> [WHAT TO WORK ON]: Note each line of the entries that includes "longleftrightarrow". Then copy those lines.

Dataset entries:
________________________
(* Let $N\ge1$, $k\in\mathbb{Z}$, and let $\psi$ be a Dirichlet character modulo $N$ with $\psi(-1)=(-1)^k$, induced by a primitive character of conductor $N^*\mid N$. Then the number of $\Gamma_0(N)$-inequivalent cusps of $\Gamma_0(N)$ that are singular for $\psi$ equals \[ \sum_{\substack{f\mid N\\ (f,N/f)\mid \frac{N}{N^*}}}\varphi\big((f,N/f)\big). \]
   Context: For $\gamma=\begin{pmatrix}a&b\\c&d\end{pmatrix}\in\Gamma_0(N)$ write $\psi(\gamma)=\psi(d)$. For a cusp $\mathfrak{a}$ of $\Gamma_0(N)$ with stabilizer $\Gamma_{\mathfrak a}$, choose $\sigma_{\mathfrak a}\in SL_2(\mathbb{R})$ with $\sigma_{\mathfrak a}\infty=\mathfrak a$ and $\sigma_{\mathfrak a}^{-1}\Gamma_{\mathfrak a}\sigma_{\mathfrak a}=\{\pm\begin{pmatrix}1&n\\0&1\end{pmatrix}\}$, and let $\tau_{\mathfrak a}=\sigma_{\mathfrak a}\begin{pmatrix}1&1\\0&1\end{pmatrix}\sigma_{\mathfrak a}^{-1}$. The cusp $\mathfrak a$ is singular for $\psi$ if $\psi(\tau_{\mathfrak a})=1$ (this depends only on the $\Gamma_0(N)$-class of $\mathfrak a$). $\varphi$ is Euler's function. *)

theory Defs
  imports Complex_Main "HOL-Number_Theory.Number_Theory"
begin

definition dirichlet_char :: "nat \<Rightarrow> (int \<Rightarrow> complex) \<Rightarrow> bool" where
  "dirichlet_char M \<chi> \<longleftrightarrow> M \<ge> 1 \<and>
     (\<forall>n. \<chi> (n + int M) = \<chi> n) \<and>
     (\<forall>m n. \<chi> (m * n) = \<chi> m * \<chi> n) \<and>
     \<chi> 1 = 1 \<and>
     (\<forall>n. \<chi> n = 0 \<longleftrightarrow> \<not> coprime n (int M))"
________________________
> [TASK RESULT]:
  "dirichlet_char M \<chi> \<longleftrightarrow> M \<ge> 1 \<and>
     (\<forall>n. \<chi> n = 0 \<longleftrightarrow> \<not> coprime n (int M))"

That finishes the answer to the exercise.